<<<<

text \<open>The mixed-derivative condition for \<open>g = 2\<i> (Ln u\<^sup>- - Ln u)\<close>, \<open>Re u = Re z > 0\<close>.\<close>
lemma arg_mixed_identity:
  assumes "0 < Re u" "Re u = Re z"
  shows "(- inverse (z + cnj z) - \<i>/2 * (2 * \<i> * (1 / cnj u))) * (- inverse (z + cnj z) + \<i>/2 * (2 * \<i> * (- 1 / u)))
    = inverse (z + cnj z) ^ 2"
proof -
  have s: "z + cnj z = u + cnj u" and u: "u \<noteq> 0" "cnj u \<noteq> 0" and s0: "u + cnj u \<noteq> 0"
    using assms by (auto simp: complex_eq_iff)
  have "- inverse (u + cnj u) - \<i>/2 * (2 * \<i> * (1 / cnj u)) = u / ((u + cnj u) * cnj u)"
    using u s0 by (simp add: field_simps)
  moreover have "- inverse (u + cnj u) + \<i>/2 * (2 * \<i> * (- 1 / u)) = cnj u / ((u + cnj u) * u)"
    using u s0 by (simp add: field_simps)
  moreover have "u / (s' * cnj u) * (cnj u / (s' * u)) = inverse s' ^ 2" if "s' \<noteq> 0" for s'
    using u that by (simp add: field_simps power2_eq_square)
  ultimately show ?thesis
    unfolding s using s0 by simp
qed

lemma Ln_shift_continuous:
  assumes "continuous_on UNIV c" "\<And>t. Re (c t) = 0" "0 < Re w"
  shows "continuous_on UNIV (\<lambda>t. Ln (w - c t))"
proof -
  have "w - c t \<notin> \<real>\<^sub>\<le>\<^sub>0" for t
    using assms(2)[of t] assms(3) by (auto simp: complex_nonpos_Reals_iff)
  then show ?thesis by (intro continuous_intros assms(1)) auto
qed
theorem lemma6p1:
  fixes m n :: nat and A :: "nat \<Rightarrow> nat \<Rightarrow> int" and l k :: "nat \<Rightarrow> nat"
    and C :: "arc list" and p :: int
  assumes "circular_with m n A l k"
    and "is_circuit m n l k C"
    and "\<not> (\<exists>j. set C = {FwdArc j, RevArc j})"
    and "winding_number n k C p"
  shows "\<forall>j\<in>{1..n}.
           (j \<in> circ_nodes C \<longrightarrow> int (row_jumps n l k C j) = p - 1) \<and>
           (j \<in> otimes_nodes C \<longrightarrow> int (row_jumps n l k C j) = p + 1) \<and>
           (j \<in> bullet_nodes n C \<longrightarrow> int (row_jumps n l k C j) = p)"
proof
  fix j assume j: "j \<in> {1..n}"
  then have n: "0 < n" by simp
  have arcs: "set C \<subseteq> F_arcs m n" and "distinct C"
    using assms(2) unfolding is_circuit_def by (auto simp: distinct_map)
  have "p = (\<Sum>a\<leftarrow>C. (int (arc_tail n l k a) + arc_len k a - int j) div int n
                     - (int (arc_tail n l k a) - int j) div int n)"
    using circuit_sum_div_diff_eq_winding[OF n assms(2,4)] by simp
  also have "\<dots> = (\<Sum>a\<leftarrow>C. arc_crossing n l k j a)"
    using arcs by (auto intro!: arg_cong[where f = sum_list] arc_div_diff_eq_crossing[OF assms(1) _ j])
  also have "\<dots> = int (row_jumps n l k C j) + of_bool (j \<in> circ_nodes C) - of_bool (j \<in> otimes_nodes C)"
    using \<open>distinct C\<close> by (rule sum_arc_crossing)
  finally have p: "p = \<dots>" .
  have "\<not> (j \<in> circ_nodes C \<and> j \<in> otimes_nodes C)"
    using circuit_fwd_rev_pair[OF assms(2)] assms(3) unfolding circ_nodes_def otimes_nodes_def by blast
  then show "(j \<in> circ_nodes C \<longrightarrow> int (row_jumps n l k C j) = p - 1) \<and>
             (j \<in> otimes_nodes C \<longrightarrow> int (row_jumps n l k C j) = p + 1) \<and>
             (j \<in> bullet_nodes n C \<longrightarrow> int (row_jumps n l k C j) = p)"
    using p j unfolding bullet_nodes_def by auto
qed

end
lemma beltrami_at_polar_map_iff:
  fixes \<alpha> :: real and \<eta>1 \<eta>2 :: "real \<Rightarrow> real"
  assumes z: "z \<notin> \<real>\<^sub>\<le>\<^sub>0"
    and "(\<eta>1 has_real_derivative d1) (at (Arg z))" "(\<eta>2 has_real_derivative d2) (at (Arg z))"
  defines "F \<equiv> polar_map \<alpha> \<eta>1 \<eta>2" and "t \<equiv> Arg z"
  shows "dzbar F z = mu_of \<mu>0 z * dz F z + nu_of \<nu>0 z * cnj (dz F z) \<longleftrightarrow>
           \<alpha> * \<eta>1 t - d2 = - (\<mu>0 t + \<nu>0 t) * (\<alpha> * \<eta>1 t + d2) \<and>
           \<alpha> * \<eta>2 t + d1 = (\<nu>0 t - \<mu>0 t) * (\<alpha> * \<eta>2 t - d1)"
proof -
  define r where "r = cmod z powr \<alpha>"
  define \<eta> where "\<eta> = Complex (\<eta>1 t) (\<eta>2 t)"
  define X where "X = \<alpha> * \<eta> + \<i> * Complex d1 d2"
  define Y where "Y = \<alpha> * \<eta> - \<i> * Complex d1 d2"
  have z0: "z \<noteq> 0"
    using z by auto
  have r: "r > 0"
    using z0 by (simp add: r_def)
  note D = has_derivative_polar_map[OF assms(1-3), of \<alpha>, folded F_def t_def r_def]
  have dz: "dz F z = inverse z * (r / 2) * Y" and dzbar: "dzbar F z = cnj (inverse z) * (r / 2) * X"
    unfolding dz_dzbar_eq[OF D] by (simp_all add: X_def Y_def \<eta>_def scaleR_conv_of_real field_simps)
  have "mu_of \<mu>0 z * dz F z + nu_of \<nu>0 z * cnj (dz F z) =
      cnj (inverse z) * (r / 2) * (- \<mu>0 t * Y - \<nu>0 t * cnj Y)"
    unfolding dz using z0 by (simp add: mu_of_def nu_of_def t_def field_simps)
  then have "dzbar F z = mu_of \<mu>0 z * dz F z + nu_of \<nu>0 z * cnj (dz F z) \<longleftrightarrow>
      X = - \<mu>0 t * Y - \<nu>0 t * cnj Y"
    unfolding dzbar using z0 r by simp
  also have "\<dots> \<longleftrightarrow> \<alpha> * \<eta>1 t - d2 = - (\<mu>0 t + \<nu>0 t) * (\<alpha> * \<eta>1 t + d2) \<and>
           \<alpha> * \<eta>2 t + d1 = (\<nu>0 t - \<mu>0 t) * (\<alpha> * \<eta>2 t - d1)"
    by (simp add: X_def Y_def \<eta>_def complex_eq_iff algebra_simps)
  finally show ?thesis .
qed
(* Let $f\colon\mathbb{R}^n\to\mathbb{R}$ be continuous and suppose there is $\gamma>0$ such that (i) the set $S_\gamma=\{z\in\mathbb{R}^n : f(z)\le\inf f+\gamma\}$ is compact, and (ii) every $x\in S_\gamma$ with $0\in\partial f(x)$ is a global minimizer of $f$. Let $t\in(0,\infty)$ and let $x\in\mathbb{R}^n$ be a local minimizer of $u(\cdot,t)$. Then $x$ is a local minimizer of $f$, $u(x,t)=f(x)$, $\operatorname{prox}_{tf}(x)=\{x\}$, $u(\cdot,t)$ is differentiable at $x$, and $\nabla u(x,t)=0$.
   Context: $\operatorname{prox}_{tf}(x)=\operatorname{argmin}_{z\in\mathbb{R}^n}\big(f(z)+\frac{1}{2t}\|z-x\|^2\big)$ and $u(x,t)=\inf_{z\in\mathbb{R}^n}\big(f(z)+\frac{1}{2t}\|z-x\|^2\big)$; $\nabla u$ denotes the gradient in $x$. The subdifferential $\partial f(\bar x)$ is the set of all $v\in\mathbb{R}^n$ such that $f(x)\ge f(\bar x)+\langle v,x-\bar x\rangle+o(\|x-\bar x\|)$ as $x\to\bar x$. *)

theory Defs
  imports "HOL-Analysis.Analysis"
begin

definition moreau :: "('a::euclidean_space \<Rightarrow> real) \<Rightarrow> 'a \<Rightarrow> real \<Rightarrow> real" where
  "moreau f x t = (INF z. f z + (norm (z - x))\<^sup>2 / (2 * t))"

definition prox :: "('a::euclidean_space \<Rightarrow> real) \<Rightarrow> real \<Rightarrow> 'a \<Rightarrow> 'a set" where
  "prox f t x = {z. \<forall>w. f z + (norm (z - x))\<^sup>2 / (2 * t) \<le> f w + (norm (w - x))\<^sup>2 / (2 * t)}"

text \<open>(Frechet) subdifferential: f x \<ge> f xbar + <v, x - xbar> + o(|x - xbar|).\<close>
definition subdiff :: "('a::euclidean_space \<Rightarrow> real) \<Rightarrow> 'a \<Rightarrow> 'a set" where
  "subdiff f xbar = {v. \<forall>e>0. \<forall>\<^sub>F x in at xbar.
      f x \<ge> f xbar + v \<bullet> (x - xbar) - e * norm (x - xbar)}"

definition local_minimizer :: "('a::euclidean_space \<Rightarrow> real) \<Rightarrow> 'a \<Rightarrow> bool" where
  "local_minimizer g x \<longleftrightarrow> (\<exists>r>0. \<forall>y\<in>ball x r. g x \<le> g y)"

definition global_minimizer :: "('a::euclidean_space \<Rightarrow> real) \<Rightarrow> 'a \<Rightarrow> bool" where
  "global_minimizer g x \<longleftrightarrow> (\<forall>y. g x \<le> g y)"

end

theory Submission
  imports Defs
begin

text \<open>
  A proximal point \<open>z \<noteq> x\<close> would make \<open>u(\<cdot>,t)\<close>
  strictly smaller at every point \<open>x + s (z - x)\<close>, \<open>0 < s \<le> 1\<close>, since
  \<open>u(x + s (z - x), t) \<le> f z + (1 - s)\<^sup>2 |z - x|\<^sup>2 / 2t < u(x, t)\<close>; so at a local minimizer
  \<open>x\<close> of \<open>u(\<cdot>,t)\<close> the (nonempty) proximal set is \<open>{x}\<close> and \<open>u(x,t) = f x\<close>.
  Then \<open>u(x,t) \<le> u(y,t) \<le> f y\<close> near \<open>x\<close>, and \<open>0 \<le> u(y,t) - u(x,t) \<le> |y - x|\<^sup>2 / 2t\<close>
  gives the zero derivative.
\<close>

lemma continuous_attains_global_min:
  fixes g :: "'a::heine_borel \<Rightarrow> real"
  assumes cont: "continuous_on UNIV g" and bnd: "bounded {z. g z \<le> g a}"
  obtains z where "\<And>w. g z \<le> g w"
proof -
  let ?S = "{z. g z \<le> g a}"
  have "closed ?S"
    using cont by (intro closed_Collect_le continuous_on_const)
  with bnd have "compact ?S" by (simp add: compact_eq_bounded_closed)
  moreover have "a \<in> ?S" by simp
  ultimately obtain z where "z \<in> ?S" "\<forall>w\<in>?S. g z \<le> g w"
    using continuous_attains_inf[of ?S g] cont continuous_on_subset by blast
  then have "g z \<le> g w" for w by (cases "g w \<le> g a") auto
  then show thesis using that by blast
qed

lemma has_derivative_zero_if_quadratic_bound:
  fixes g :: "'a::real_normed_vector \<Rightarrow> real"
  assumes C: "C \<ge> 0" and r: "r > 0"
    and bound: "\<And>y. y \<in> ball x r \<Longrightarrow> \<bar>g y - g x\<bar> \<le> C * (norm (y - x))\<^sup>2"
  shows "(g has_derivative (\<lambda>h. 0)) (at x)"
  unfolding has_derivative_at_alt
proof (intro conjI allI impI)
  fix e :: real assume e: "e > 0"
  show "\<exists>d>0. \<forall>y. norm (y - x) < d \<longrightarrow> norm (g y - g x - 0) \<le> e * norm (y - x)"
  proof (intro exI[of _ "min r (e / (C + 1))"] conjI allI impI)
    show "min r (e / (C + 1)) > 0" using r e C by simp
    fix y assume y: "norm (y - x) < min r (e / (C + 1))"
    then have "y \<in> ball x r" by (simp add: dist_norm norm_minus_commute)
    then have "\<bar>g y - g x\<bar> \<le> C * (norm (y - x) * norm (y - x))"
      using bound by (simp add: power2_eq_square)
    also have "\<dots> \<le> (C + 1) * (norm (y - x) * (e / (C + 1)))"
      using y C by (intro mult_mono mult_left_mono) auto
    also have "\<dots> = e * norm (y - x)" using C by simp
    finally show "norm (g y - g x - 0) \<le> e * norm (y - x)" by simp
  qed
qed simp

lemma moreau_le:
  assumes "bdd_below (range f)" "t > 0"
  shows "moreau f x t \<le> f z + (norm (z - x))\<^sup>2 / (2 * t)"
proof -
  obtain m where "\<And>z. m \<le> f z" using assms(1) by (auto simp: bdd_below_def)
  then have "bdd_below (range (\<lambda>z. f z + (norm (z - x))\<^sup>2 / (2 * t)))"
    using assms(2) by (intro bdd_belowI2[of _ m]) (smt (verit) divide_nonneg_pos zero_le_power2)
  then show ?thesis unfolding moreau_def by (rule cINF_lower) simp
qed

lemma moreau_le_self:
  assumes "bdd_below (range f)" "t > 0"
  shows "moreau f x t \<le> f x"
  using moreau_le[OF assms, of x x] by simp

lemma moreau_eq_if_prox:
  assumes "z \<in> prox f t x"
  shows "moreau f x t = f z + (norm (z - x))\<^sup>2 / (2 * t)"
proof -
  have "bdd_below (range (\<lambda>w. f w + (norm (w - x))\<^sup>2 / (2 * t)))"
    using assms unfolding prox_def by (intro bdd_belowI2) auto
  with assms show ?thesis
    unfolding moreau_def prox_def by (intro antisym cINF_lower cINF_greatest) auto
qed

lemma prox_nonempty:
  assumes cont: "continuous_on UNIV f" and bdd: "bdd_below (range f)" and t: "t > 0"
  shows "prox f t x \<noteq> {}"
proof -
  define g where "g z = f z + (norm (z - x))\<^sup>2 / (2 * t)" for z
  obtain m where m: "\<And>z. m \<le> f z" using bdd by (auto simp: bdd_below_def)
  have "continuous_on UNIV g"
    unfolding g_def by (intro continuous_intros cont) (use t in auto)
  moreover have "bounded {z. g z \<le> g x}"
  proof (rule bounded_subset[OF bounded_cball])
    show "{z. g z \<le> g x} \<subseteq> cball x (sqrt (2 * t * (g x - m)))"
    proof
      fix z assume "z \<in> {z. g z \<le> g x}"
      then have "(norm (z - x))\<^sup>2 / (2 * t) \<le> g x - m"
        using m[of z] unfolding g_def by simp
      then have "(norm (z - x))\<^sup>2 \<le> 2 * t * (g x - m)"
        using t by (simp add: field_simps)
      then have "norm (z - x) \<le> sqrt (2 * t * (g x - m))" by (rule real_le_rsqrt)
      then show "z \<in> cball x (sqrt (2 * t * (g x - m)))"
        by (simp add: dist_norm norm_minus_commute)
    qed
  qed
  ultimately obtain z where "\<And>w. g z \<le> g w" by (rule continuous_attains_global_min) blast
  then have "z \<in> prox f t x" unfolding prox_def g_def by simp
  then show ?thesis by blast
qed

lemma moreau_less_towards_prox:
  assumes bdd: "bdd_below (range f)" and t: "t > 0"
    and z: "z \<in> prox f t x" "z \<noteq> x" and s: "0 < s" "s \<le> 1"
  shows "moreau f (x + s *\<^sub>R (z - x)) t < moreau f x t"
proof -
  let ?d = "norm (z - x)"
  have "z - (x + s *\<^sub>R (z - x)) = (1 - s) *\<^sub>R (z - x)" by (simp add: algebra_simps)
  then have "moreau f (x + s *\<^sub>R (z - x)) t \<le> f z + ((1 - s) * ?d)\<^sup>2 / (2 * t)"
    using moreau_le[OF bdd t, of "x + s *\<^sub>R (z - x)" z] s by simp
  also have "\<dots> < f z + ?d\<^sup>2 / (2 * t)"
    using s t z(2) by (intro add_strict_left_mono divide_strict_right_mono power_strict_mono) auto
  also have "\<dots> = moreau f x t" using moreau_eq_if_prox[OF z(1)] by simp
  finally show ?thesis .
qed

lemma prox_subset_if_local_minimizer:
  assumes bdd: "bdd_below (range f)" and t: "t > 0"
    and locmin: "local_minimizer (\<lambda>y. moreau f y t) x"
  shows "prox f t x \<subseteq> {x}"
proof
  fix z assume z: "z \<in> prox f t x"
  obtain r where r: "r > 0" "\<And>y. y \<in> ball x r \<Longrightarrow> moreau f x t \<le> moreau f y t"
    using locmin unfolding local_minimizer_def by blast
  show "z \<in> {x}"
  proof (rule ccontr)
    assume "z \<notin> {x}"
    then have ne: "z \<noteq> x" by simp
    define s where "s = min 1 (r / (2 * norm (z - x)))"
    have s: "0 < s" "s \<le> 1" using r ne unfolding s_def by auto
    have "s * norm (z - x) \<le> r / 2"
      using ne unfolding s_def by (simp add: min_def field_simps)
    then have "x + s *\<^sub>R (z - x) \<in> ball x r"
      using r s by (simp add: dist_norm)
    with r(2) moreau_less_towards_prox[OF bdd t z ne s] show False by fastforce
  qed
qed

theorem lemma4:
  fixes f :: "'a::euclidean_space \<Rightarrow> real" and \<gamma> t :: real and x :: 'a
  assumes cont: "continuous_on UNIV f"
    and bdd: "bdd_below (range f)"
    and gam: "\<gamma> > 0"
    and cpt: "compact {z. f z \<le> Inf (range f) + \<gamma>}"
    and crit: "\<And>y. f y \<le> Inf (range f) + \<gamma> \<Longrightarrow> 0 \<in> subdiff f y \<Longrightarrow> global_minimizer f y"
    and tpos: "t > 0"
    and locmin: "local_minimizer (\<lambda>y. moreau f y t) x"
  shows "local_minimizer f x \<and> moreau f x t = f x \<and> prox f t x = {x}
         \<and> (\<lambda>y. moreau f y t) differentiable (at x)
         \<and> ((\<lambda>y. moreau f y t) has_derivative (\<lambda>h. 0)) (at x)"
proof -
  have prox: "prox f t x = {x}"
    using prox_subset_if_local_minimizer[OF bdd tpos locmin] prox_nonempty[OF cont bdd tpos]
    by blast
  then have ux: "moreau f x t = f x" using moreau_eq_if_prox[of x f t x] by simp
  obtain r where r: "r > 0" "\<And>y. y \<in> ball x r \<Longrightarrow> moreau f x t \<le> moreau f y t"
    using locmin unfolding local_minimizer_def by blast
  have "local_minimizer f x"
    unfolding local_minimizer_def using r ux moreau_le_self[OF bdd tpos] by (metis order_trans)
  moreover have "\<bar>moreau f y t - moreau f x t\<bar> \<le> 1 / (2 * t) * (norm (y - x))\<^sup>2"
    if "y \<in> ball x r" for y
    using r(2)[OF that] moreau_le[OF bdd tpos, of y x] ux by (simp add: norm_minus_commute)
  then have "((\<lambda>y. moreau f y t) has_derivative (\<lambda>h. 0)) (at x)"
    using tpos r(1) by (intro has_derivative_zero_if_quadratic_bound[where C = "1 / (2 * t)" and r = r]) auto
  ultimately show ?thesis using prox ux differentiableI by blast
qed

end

>>>>

_Exercise details:_ Can you repeat, word for word, every line above from the one containing "bdd by (auto simp: bdd_below_def)" down to the one containing "t) \<le> g x", including both?

_Result of the task:_
  obtain m where m: "\<And>z. m \<le> f z" using bdd by (auto simp: bdd_below_def)
  have "continuous_on UNIV g"
    unfolding g_def by (intro continuous_intros cont) (use t in auto)
  moreover have "bounded {z. g z \<le> g x}"
  proof (rule bounded_subset[OF bounded_cball])
    show "{z. g z \<le> g x} \<subseteq> cball x (sqrt (2 * t * (g x - m)))"
    proof
      fix z assume "z \<in> {z. g z \<le> g x}"
      then have "(norm (z - x))\<^sup>2 / (2 * t) \<le> g x - m"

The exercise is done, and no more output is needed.